__What the task requires__
What you give back should match the records word for word.

__Saved entries__
lemma displacement_subset_range_diff:
  assumes "fixes_perp ip w F"
  shows "displacement \<subseteq> range (\<lambda>x. u x - w x)"
proof
  fix y assume "y \<in> displacement"
  then obtain x where "x \<in> orth ip F" "y = u x - x"
    unfolding displacement_def by blast
  then have "y = u x - w x"
    using assms unfolding fixes_perp_def by simp
  then show "y \<in> range (\<lambda>x. u x - w x)"
    by blast
qed

lemma range_diff_pi_map: "range (\<lambda>x. u x - pi_map x) = displacement"
  using pi_map(2) displacement_subset_range_diff[OF fixes_perp_pi_map] by blast

lemma eq_pi_map_if_range_diff_subset:
  assumes "unitary_op sc ip w" "fixes_perp ip w F" "range (\<lambda>x. u x - w x) \<subseteq> displacement"
  shows "w = pi_map"
proof
  fix x
  interpret w: Vector_Spaces.linear sc sc w
    using unitary_op_linear[OF assms(1)] .
  obtain f where f: "f \<in> F" "x - f \<in> orth ip F"
    using orth_decomposition[OF finite_dim_F] by blast
  have "w (x - f) = x - f"
    using assms(2) f(2) unfolding fixes_perp_def by blast
  then have "w x - x = w f - f"
    using w.diff[of x f] by (simp add: algebra_simps)
  then have "w x - x \<in> F"
    using subspace_diff[OF subspace_F unitary_fixes_perp_maps_into[OF finite_dim_F assms(1,2) f(1)] f(1)]
    by simp
  then show "w x = pi_map x"
    using pi_map_eq assms(3) by (metis rangeI subsetD)
qed

lemma pi_EF_eq_pi_map: "pi_EF sc ip E F u = pi_map"
  unfolding pi_EF_def displacement_def[symmetric]
proof (rule the_equality)
  show "unitary_op sc ip pi_map \<and> fixes_perp ip pi_map F \<and>
      range (\<lambda>x. u x - pi_map x) \<subseteq> displacement"
    using unitary_pi_map fixes_perp_pi_map range_diff_pi_map by simp
  show "w = pi_map" if "unitary_op sc ip w \<and> fixes_perp ip w F \<and>
      range (\<lambda>x. u x - w x) \<subseteq> displacement" for w
    using eq_pi_map_if_range_diff_subset that by blast
qed

lemma finite_dim_range_diff:
  "unitary_op sc ip w \<Longrightarrow> fixes_perp ip w F \<Longrightarrow> finite_dim sc (range (\<lambda>x. u x - w x))"
  using finite_dim_range_diff_if_fixes_perp[OF finite_dim_E unitary_op_linear[OF unitary_u] _ fixes_perp_u]
    unitary_op_linear fixes_perp_mono F_subset_E by blast

lemma dist_rank_pi_map_le:
  "unitary_op sc ip w \<Longrightarrow> fixes_perp ip w F \<Longrightarrow> dist_rank sc u pi_map \<le> dist_rank sc u w"
  unfolding dist_rank_def range_diff_pi_map
  using dim_le_finite_dim finite_dim_range_diff displacement_subset_range_diff by blast

lemma dist_rank_pi_map_unique:
  assumes "unitary_op sc ip w" "fixes_perp ip w F" "dist_rank sc u w \<le> dist_rank sc u pi_map"
  shows "w = pi_map"
proof -
  have "displacement = range (\<lambda>x. u x - w x)"
    using subspace_eq_if_dim_le[OF finite_dim_range_diff[OF assms(1,2)] subspace_displacement]
      displacement_subset_range_diff[OF assms(2)] assms(3)
    unfolding dist_rank_def range_diff_pi_map by blast
  then show ?thesis
    using eq_pi_map_if_range_diff_subset assms(1,2) by simp
qed

lemma dist_rank_pi_map:
  "int (dist_rank sc u pi_map) =
    int (dim E) - int (dim F) - int (dim {x \<in> E \<inter> orth ip F. u x = x})"
proof -
  have "subspace (E \<inter> orth ip F)"
    using subspace_inter[OF finite_dim_subspace[OF finite_dim_E] subspace_orth] .
  then have "dim (E \<inter> orth ip F) = dim displacement + dim {x \<in> E \<inter> orth ip F. u x = x}"
    using rank_nullity[OF linear_u_minus_id finite_dim_subset[OF finite_dim_E]]
    unfolding displacement_eq_image by auto
  then show ?thesis
    using dim_eq_dim_add_dim_orth[OF finite_dim_E finite_dim_F F_subset_E]
    unfolding dist_rank_def range_diff_pi_map by simp
qed

end

theorem proposition2p2:
  fixes sc :: "complex \<Rightarrow> 'a::ab_group_add \<Rightarrow> 'a"
    and ip :: "'a \<Rightarrow> 'a \<Rightarrow> complex"
  assumes H: "complex_hilbert_space sc ip"
  shows
    "(\<forall>u\<in>U0 sc ip. \<forall>v\<in>U0 sc ip.
        fin_dim_subspace sc (range (\<lambda>x. u x - v x)) \<and>
        (dist_rank sc u v = 0 \<longleftrightarrow> u = v) \<and>
        dist_rank sc u v = dist_rank sc v u \<and>
        (\<forall>w\<in>U0 sc ip. dist_rank sc u w \<le> dist_rank sc u v + dist_rank sc v w))
     \<and>
     (\<forall>E F u. fin_dim_subspace sc E \<and> fin_dim_subspace sc F \<and> F \<subseteq> E \<and>
        unitary_op sc ip u \<and> fixes_perp ip u E \<longrightarrow>
        (let p = pi_EF sc ip E F u in
          unitary_op sc ip p \<and> fixes_perp ip p F \<and>
          (\<forall>w. unitary_op sc ip w \<and> fixes_perp ip w F \<longrightarrow> dist_rank sc u p \<le> dist_rank sc u w) \<and>
          (\<forall>w. unitary_op sc ip w \<and> fixes_perp ip w F \<and> dist_rank sc u w \<le> dist_rank sc u p \<longrightarrow> w = p) \<and>
          range (\<lambda>x. u x - p x) = (\<lambda>x. u x - x) ` orth ip F \<and>
          int (dist_rank sc u p) = int (vector_space.dim sc E) - int (vector_space.dim sc F)
             - int (vector_space.dim sc {x \<in> E \<inter> orth ip F. u x = x}) \<and>
          ((\<forall>x\<in>E \<inter> orth ip F. u x = x \<longrightarrow> x = 0) \<longrightarrow>
             int (dist_rank sc u p) = int (vector_space.dim sc E) - int (vector_space.dim sc F))))"
proof -
  interpret complex_inner_space sc ip
    using complex_hilbert_space_imp_complex_inner_space[OF H] .
  show ?thesis
  proof (rule conjI, goal_cases)
    case 1
    show ?case
      by (intro ballI) (rule dist_rank_metric)
  next
    case 2
    show ?case
    proof (intro allI impI, goal_cases)
      case (1 E F u)
      then interpret pi_EF_setting sc ip E F u
        by unfold_locales (simp_all add: fin_dim_subspace_iff)
      have "dim {x \<in> E \<inter> orth ip F. u x = x} = 0" if "\<forall>x\<in>E \<inter> orth ip F. u x = x \<longrightarrow> x = 0"
        using that by (intro dim_eq_0_if_subset_zero) blast
      then show ?case
        unfolding Let_def pi_EF_eq_pi_map displacement_def[symmetric]
        using unitary_pi_map fixes_perp_pi_map dist_rank_pi_map_le dist_rank_pi_map_unique
          range_diff_pi_map dist_rank_pi_map
        by (intro conjI allI impI) (blast | simp)+
    qed
  qed
qed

__Exercise response__
lemma displacement_subset_range_diff:
  assumes "fixes_perp ip w F"
  shows "displacement \<subseteq> range (\<lambda>x. u x - w x)"
proof
  fix y assume "y \<in> displacement"
  then obtain x where "x \<in> orth ip F" "y = u x - x"
    unfolding displacement_def by blast
  then have "y = u x - w x"
    using assms unfolding fixes_perp_def by simp
  then show "y \<in> range (\<lambda>x. u x - w x)"
    by blast
qed

lemma range_diff_pi_map: "range (\<lambda>x. u x - pi_map x) = displacement"
  using pi_map(2) displacement_subset_range_diff[OF fixes_perp_pi_map] by blast

lemma eq_pi_map_if_range_diff_subset:
  assumes "unitary_op sc ip w" "fixes_perp ip w F" "range (\<lambda>x. u x - w x) \<subseteq> displacement"
  shows "w = pi_map"
proof
  fix x
  interpret w: Vector_Spaces.linear sc sc w
    using unitary_op_linear[OF assms(1)] .
  obtain f where f: "f \<in> F" "x - f \<in> orth ip F"
    using orth_decomposition[OF finite_dim_F] by blast
  have "w (x - f) = x - f"
    using assms(2) f(2) unfolding fixes_perp_def by blast
  then have "w x - x = w f - f"
    using w.diff[of x f] by (simp add: algebra_simps)
  then have "w x - x \<in> F"
    using subspace_diff[OF subspace_F unitary_fixes_perp_maps_into[OF finite_dim_F assms(1,2) f(1)] f(1)]
    by simp
  then show "w x = pi_map x"
    using pi_map_eq assms(3) by (metis rangeI subsetD)
qed

lemma pi_EF_eq_pi_map: "pi_EF sc ip E F u = pi_map"
  unfolding pi_EF_def displacement_def[symmetric]
proof (rule the_equality)
  show "unitary_op sc ip pi_map \<and> fixes_perp ip pi_map F \<and>
      range (\<lambda>x. u x - pi_map x) \<subseteq> displacement"
    using unitary_pi_map fixes_perp_pi_map range_diff_pi_map by simp
  show "w = pi_map" if "unitary_op sc ip w \<and> fixes_perp ip w F \<and>
      range (\<lambda>x. u x - w x) \<subseteq> displacement" for w
    using eq_pi_map_if_range_diff_subset that by blast
qed

lemma finite_dim_range_diff:
  "unitary_op sc ip w \<Longrightarrow> fixes_perp ip w F \<Longrightarrow> finite_dim sc (range (\<lambda>x. u x - w x))"
  using finite_dim_range_diff_if_fixes_perp[OF finite_dim_E unitary_op_linear[OF unitary_u] _ fixes_perp_u]
    unitary_op_linear fixes_perp_mono F_subset_E by blast

lemma dist_rank_pi_map_le:
  "unitary_op sc ip w \<Longrightarrow> fixes_perp ip w F \<Longrightarrow> dist_rank sc u pi_map \<le> dist_rank sc u w"
  unfolding dist_rank_def range_diff_pi_map
  using dim_le_finite_dim finite_dim_range_diff displacement_subset_range_diff by blast

lemma dist_rank_pi_map_unique:
  assumes "unitary_op sc ip w" "fixes_perp ip w F" "dist_rank sc u w \<le> dist_rank sc u pi_map"
  shows "w = pi_map"
proof -
  have "displacement = range (\<lambda>x. u x - w x)"
    using subspace_eq_if_dim_le[OF finite_dim_range_diff[OF assms(1,2)] subspace_displacement]
      displacement_subset_range_diff[OF assms(2)] assms(3)
    unfolding dist_rank_def range_diff_pi_map by blast
  then show ?thesis
    using eq_pi_map_if_range_diff_subset assms(1,2) by simp
qed

lemma dist_rank_pi_map:
  "int (dist_rank sc u pi_map) =
    int (dim E) - int (dim F) - int (dim {x \<in> E \<inter> orth ip F. u x = x})"
proof -
  have "subspace (E \<inter> orth ip F)"
    using subspace_inter[OF finite_dim_subspace[OF finite_dim_E] subspace_orth] .
  then have "dim (E \<inter> orth ip F) = dim displacement + dim {x \<in> E \<inter> orth ip F. u x = x}"
    using rank_nullity[OF linear_u_minus_id finite_dim_subset[OF finite_dim_E]]
    unfolding displacement_eq_image by auto
  then show ?thesis
    using dim_eq_dim_add_dim_orth[OF finite_dim_E finite_dim_F F_subset_E]
    unfolding dist_rank_def range_diff_pi_map by simp
qed

end

theorem proposition2p2:
  fixes sc :: "complex \<Rightarrow> 'a::ab_group_add \<Rightarrow> 'a"
    and ip :: "'a \<Rightarrow> 'a \<Rightarrow> complex"
  assumes H: "complex_hilbert_space sc ip"
  shows
    "(\<forall>u\<in>U0 sc ip. \<forall>v\<in>U0 sc ip.
        fin_dim_subspace sc (range (\<lambda>x. u x - v x)) \<and>
        (dist_rank sc u v = 0 \<longleftrightarrow> u = v) \<and>
        dist_rank sc u v = dist_rank sc v u \<and>
        (\<forall>w\<in>U0 sc ip. dist_rank sc u w \<le> dist_rank sc u v + dist_rank sc v w))
     \<and>
     (\<forall>E F u. fin_dim_subspace sc E \<and> fin_dim_subspace sc F \<and> F \<subseteq> E \<and>
        unitary_op sc ip u \<and> fixes_perp ip u E \<longrightarrow>
        (let p = pi_EF sc ip E F u in
          unitary_op sc ip p \<and> fixes_perp ip p F \<and>
          (\<forall>w. unitary_op sc ip w \<and> fixes_perp ip w F \<longrightarrow> dist_rank sc u p \<le> dist_rank sc u w) \<and>
          (\<forall>w. unitary_op sc ip w \<and> fixes_perp ip w F \<and> dist_rank sc u w \<le> dist_rank sc u p \<longrightarrow> w = p) \<and>
          range (\<lambda>x. u x - p x) = (\<lambda>x. u x - x) ` orth ip F \<and>
          int (dist_rank sc u p) = int (vector_space.dim sc E) - int (vector_space.dim sc F)
             - int (vector_space.dim sc {x \<in> E \<inter> orth ip F. u x = x}) \<and>
          ((\<forall>x\<in>E \<inter> orth ip F. u x = x \<longrightarrow> x = 0) \<longrightarrow>
             int (dist_rank sc u p) = int (vector_space.dim sc E) - int (vector_space.dim sc F))))"
proof -
  interpret complex_inner_space sc ip
    using complex_hilbert_space_imp_complex_inner_space[OF H] .
  show ?thesis
  proof (rule conjI, goal_cases)
    case 1
    show ?case
      by (intro ballI) (rule dist_rank_metric)
  next
    case 2
    show ?case
    proof (intro allI impI, goal_cases)
      case (1 E F u)
      then interpret pi_EF_setting sc ip E F u
        by unfold_locales (simp_all add: fin_dim_subspace_iff)
      have "dim {x \<in> E \<inter> orth ip F. u x = x} = 0" if "\<forall>x\<in>E \<inter> orth ip F. u x = x \<longrightarrow> x = 0"
        using that by (intro dim_eq_0_if_subset_zero) blast
      then show ?case
        unfolding Let_def pi_EF_eq_pi_map displacement_def[symmetric]
        using unitary_pi_map fixes_perp_pi_map dist_rank_pi_map_le dist_rank_pi_map_unique
          range_diff_pi_map dist_rank_pi_map
        by (intro conjI allI impI) (blast | simp)+
    qed
  qed
qed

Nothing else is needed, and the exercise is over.